Start of TASK INPUTS
theory Submission
  imports Defs "HOL-Library.FuncSet"
begin

text \<open>
  Since \<open>R\<^sub>0 = \<bbbK>\<close> and the presentation is minimal, no non-constant monomial has degree \<open>0\<close>;
  hence every degree carries only finitely many monomials and there is no infinite strictly
  descending chain of degrees of monomials. For \<open>w \<notin> \<Omega>\<^sub>I\<close> the piece \<open>I\<^sub>w\<close> lies in the ideal
  generated by pieces of strictly smaller degree, so descending shows that \<open>I\<close> is generated by
  \<open>I\<^sub>W\<close>. A graded automorphism \<open>(\<phi>,\<psi>)\<close> with \<open>\<phi>(I) = I\<close> maps \<open>I\<^sub>w\<close> onto \<open>I\<^sub>\<psi>\<^sub>(\<^sub>w\<^sub>)\<close> and
  preserves \<open>\<le>\<close>, so \<open>\<psi>(\<Omega>\<^sub>I) = \<Omega>\<^sub>I\<close> and \<open>\<phi>(I\<^sub>W) = I\<^sub>W\<close>; conversely \<open>\<phi>(I\<^sub>W) = I\<^sub>W\<close> forces
  \<open>\<phi>(I) = I\<close> because \<open>I\<^sub>W\<close> generates \<open>I\<close>.
\<close>

lemma gen_ideal_0: "0 \<in> gen_ideal A"
  unfolding gen_ideal_def by (rule CollectI, rule exI[of _ "{}"]) auto

lemma gen_ideal_base: "a \<in> A \<Longrightarrow> a \<in> gen_ideal A"
  unfolding gen_ideal_def by (rule CollectI, rule exI[of _ "{a}"], rule exI[of _ "\<lambda>_. 1"]) auto

lemma gen_ideal_add:
  assumes "x \<in> gen_ideal A" and "y \<in> gen_ideal A"
  shows "x + y \<in> gen_ideal A"
proof -
  obtain B c where B: "finite B" "B \<subseteq> A" "x = (\<Sum>b\<in>B. c b * b)"
    using assms(1) unfolding gen_ideal_def by auto
  obtain B' c' where B': "finite B'" "B' \<subseteq> A" "y = (\<Sum>b\<in>B'. c' b * b)"
    using assms(2) unfolding gen_ideal_def by auto
  define d where "d b = (if b \<in> B then c b else 0) + (if b \<in> B' then c' b else 0)" for b
  have "x = (\<Sum>b\<in>B \<union> B'. (if b \<in> B then c b else 0) * b)"
    unfolding B(3) by (rule sum.mono_neutral_cong_left) (use B B' in auto)
  moreover have "y = (\<Sum>b\<in>B \<union> B'. (if b \<in> B' then c' b else 0) * b)"
    unfolding B'(3) by (rule sum.mono_neutral_cong_left) (use B B' in auto)
  ultimately have "x + y = (\<Sum>b\<in>B \<union> B'. d b * b)"
    by (simp add: d_def distrib_right sum.distrib)
  with B B' show ?thesis
    unfolding gen_ideal_def by (intro CollectI exI[of _ "B \<union> B'"] exI[of _ d]) simp
qed

lemma gen_ideal_mult:
  assumes "x \<in> gen_ideal A"
  shows "c * x \<in> gen_ideal A"
proof -
  obtain B d where B: "finite B" "B \<subseteq> A" "x = (\<Sum>b\<in>B. d b * b)"
    using assms unfolding gen_ideal_def by auto
  then have "c * x = (\<Sum>b\<in>B. (c * d b) * b)"
    by (simp add: sum_distrib_left mult.assoc)
  with B show ?thesis
    unfolding gen_ideal_def by (intro CollectI exI[of _ B] exI[of _ "\<lambda>b. c * d b"]) simp
qed

lemma gen_ideal_sum:
  assumes "finite B" and "\<And>b. b \<in> B \<Longrightarrow> x b \<in> gen_ideal A"
  shows "(\<Sum>b\<in>B. x b) \<in> gen_ideal A"
  using assms by (induct B rule: finite_induct) (auto intro: gen_ideal_add gen_ideal_0)

lemma gen_ideal_mono:
  assumes "A \<subseteq> gen_ideal B"
  shows "gen_ideal A \<subseteq> gen_ideal B"
proof
  fix x
  assume "x \<in> gen_ideal A"
  then obtain B' c where "finite B'" "B' \<subseteq> A" "x = (\<Sum>b\<in>B'. c b * b)"
    unfolding gen_ideal_def by auto
  with assms show "x \<in> gen_ideal B"
    by (auto intro!: gen_ideal_sum gen_ideal_mult)
qed

lemma additive_map_0:
  fixes \<phi> :: "'a::monoid_add \<Rightarrow> 'b::group_add"
  assumes "\<And>x y. \<phi> (x + y) = \<phi> x + \<phi> y"
  shows "\<phi> 0 = 0"
proof -
  have "\<phi> 0 + \<phi> 0 = \<phi> 0 + 0"
    using assms[of 0 0] by simp
  then show ?thesis
    by (rule add_left_imp_eq)
qed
End of TASK INPUTS
> ACTION ITEM
The answer must consist of every line from the records above that holds "shows".

> REPLY TO THE TASK
  generated by pieces of strictly smaller degree, so descending shows that \<open>I\<close> is generated by
  shows "x + y \<in> gen_ideal A"
  shows "c * x \<in> gen_ideal A"
  shows "(\<Sum>b\<in>B. x b) \<in> gen_ideal A"
  shows "gen_ideal A \<subseteq> gen_ideal B"
  shows "\<phi> 0 = 0"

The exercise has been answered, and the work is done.